#ubuntu-de-l10n 2014-02-27
<Knulp1404> Guten Tag. :)
<Knulp1404> In welchem Channel kann man mir mit Tipps zu einem verkorksten dist-upgrade (14.04) weiterhelfen? Paket checkbox-ng blockiert und ich kriege es nicht gefixt...
#ubuntu-de-l10n 2014-03-02
<phillip> hallo docjuhnk
<docjuhnk> Hallo
<docjuhnk> Liegt die Stille am Karnevalswochenende?
<phillip> öhhm nö
<docjuhnk> O.k. wusste nicht wirklich, wie viele Leute und wie regelmäßig hier teilgenommen wird
<phillip> sind gerade nicht so viele  Übersetzer
<phillip> waren mal mehr
<phillip> also wenn du irgendwelche Fragen hast frage ;)
<phillip> docjuhnk: bist du zum ersten mal hier?
<docjuhnk> Dabei behauptet Launchpad, dass das Cimmunity Team aus 51 aktiven Mitgliedern besteht
<docjuhnk> Jap
<docjuhnk> Über Twitter wurde zur Mithilfe aufgerufen, da ich im Studium mit Überstzungen zu tun hatte und jetzt gerade immer neuerdings wieder öfter übersetze,...
<phillip> docjuhnk: ja das reviewer hat auch 10 oder so und gerade aktive bin nur ich und noch einer selten
<phillip> docjuhnk: das ist super
<phillip> also ich bin meisten hier
<phillip> kannst /i docjuhnk
<phillip> sorry
<phillip> kannst also gerne Vorbeischauen, wenn es was zu besprechen gibt
<phillip> docjuhnk: hast du denn topic gelesen?
<docjuhnk> Aktuelle Aufgaben?
<phillip> ne das dieser channel öffentlich geloggt wird
<docjuhnk> Ach so.

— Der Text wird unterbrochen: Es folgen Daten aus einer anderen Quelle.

lemma tangent_to_caustic_imp_caustic_chord:
  assumes "0 < b" and "2 * b < a" and "cmod z = 1" and "cmod w = 1" and "z \<noteq> w"
    and "tangent_to_hyperbola (caustic_a a b) (caustic_b a b) (a * Re z, b * Im z) (a * Re w, b * Im w)"
  shows "caustic_chord a b z w"
proof -
  define x y x' y' where "x = Re z" "y = Im z" "x' = Re w" "y' = Im w"
  have unit: "x\<^sup>2 + y\<^sup>2 = 1" "x'\<^sup>2 + y'\<^sup>2 = 1"
    using assms(3,4) unfolding x_y_x'_y'_def by (simp_all add: cmod_def)
  have "a > 0" "a - b > 0" using assms(1,2) by auto
  define A B where "A = a ^ 3 * (a - 2 * b) / (a - b)\<^sup>2" "B = b ^ 3 * (2 * a - b) / (a - b)\<^sup>2"
  have "A > 0" "B > 0" unfolding A_B_def using assms(1,2) by simp_all
  obtain h where h: "(fst h)\<^sup>2 / A - (snd h)\<^sup>2 / B = 1"
      "(fst h - a * x) * (b * y' - b * y) - (snd h - b * y) * (a * x' - a * x) = 0"
      "(a * x' - a * x) * fst h / A - (b * y' - b * y) * snd h / B = 0"
    using assms(6) caustic_squares[OF assms(1,2)] unfolding tangent_to_hyperbola_def A_B_def x_y_x'_y'_def
    by (auto simp: cross2_def)
  have "a * x' - a * x \<noteq> 0 \<or> b * y' - b * y \<noteq> 0"
    using assms(1,5) \<open>a > 0\<close> unfolding x_y_x'_y'_def by (auto simp: complex_eq_iff)
  note tangent = hyperbola_tangent_line[OF \<open>A > 0\<close> \<open>B > 0\<close> h this]
  have "(a - b)\<^sup>2 * A = a ^ 3 * (a - 2 * b)" "(a - b)\<^sup>2 * B = b ^ 3 * (2 * a - b)"
    using \<open>a - b > 0\<close> unfolding A_B_def by simp_all
  with tangent have "a\<^sup>2 * b\<^sup>2 * (a * (a - 2 * b) * (y' - y)\<^sup>2 - b * (2 * a - b) * (x' - x)\<^sup>2)
      = a\<^sup>2 * b\<^sup>2 * ((a - b)\<^sup>2 * (x * y' - y * x')\<^sup>2)"
    by algebra
  then have "a * (a - 2 * b) * (y' - y)\<^sup>2 - b * (2 * a - b) * (x' - x)\<^sup>2 = (a - b)\<^sup>2 * (x * y' - y * x')\<^sup>2"
    using assms(1) \<open>a > 0\<close> by simp
  then have "(1 - (x * x' + y * y')) * ((a - b) * (b * x * x' - a * y * y') - a * b) = 0"
    using unit by algebra
  moreover have "1 - (x * x' + y * y') \<noteq> 0"
  proof
    assume "1 - (x * x' + y * y') = 0"
    then have "(x - x')\<^sup>2 + (y - y')\<^sup>2 = 0" using unit by algebra
    then show False using assms(5) unfolding x_y_x'_y'_def by (simp add: sum_power2_eq_zero_iff complex_eq_iff)
  qed
  ultimately show ?thesis unfolding caustic_chord_def x_y_x'_y'_def by simp
qed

Ja klar
<phillip> docjuhnk: ist im irc nemlich eigentlich nicht so …
<docjuhnk> Also wird nicht geloggt?
<phillip> docjuhnk: hier schon, in den meisten anderen channels nicht
<phillip> kannst ich fragen wie dein Lauchpad name ist? Dann kann ich das besser ein ordnen
<docjuhnk> Launchpad ID docjuhnk
<phillip> wenn was nicht geloggt werden soll kannst du einfach per /msg zu mir sprechen ;)
<phillip> docjuhnk: hast du schon was übersetzt?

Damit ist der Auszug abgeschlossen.